(Saved data entries)
○ ○ ○ ○ ○
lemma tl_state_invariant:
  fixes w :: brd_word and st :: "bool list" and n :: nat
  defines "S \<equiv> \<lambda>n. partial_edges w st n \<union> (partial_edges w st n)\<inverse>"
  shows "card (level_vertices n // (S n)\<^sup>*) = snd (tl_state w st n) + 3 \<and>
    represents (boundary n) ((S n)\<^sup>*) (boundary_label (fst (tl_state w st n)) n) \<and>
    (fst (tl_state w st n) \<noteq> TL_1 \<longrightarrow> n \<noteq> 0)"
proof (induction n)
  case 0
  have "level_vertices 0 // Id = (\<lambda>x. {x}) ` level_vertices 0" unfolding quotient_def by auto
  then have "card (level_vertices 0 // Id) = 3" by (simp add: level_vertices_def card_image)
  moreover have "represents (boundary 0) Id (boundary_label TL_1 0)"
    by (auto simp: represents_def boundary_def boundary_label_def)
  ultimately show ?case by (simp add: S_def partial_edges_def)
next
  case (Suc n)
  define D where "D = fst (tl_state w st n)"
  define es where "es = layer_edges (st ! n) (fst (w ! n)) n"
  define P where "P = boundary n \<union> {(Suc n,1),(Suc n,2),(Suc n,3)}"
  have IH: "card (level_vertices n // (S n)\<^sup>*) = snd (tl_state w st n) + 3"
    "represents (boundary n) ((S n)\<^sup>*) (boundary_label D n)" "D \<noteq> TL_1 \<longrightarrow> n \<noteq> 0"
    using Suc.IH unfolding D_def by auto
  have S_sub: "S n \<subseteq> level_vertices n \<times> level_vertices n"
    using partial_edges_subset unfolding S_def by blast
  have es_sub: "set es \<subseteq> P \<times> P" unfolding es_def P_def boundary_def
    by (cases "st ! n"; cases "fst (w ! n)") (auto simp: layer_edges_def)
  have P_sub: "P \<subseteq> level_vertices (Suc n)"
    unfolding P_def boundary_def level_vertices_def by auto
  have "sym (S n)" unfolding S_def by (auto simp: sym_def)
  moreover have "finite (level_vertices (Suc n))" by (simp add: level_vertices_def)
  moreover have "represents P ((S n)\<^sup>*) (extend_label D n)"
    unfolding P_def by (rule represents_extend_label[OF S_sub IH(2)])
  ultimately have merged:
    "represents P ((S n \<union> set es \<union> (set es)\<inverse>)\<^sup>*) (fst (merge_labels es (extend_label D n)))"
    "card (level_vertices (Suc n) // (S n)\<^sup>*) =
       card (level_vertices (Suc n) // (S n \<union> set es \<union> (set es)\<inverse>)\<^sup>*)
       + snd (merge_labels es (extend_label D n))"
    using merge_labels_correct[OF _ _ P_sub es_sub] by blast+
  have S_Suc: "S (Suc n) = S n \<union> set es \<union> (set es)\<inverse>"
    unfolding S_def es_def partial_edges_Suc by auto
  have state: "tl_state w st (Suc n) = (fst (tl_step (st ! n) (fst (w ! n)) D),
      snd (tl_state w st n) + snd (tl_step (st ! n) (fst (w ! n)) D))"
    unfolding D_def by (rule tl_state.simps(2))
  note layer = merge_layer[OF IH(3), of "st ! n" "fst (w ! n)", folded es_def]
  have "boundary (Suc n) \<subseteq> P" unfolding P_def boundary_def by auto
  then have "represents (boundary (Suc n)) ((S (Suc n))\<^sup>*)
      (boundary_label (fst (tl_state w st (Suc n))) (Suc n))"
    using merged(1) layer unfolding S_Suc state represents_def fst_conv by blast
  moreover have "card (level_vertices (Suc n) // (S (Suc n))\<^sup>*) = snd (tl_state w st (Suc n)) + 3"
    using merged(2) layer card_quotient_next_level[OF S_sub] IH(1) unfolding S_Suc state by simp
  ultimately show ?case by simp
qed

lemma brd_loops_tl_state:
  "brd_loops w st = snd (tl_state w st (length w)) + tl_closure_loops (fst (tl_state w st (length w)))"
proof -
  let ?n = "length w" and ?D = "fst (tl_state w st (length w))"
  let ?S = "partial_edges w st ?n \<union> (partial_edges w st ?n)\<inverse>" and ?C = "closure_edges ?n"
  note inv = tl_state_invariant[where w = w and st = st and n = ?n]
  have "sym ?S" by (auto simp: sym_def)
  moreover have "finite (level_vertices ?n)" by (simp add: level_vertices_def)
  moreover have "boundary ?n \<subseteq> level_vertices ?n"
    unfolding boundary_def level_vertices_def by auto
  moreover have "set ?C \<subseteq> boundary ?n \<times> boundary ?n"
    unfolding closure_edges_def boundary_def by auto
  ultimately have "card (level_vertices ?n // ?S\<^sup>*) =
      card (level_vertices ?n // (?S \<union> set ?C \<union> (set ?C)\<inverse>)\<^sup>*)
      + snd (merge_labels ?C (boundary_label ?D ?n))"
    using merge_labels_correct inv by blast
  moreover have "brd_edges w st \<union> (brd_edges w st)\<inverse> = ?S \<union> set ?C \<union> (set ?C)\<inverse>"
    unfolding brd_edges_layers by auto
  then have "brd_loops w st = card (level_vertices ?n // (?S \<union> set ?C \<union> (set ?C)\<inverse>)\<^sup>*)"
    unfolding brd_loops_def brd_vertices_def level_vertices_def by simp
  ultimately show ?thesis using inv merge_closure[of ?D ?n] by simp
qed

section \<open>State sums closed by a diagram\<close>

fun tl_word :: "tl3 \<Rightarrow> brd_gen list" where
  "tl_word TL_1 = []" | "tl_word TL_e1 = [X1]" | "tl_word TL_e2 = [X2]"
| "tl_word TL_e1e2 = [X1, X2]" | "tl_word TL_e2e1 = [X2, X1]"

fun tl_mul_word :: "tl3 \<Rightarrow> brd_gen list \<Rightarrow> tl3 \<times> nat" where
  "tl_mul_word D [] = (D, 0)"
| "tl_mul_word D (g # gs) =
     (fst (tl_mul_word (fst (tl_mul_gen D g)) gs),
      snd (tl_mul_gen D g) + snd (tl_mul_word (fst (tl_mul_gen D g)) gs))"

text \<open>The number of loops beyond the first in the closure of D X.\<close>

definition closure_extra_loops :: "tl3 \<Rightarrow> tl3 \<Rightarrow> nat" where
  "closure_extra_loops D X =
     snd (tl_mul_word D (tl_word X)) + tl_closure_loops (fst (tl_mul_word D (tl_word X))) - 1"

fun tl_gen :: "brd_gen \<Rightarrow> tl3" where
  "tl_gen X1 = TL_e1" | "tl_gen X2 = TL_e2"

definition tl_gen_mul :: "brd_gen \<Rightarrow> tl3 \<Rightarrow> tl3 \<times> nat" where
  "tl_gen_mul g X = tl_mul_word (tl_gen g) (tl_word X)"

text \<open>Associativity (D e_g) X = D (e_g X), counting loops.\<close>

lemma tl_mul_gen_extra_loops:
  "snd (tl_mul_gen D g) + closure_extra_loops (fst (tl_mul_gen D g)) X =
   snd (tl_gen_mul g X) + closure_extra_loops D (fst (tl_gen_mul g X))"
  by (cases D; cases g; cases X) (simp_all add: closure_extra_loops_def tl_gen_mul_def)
○ ○ ○ ○ ○
▶ [Try it]: Search the data for "length" and list every line in which it occurs.

▶ [Exercise output]:
  "brd_loops w st = snd (tl_state w st (length w)) + tl_closure_loops (fst (tl_state w st (length w)))"
  let ?n = "length w" and ?D = "fst (tl_state w st (length w))"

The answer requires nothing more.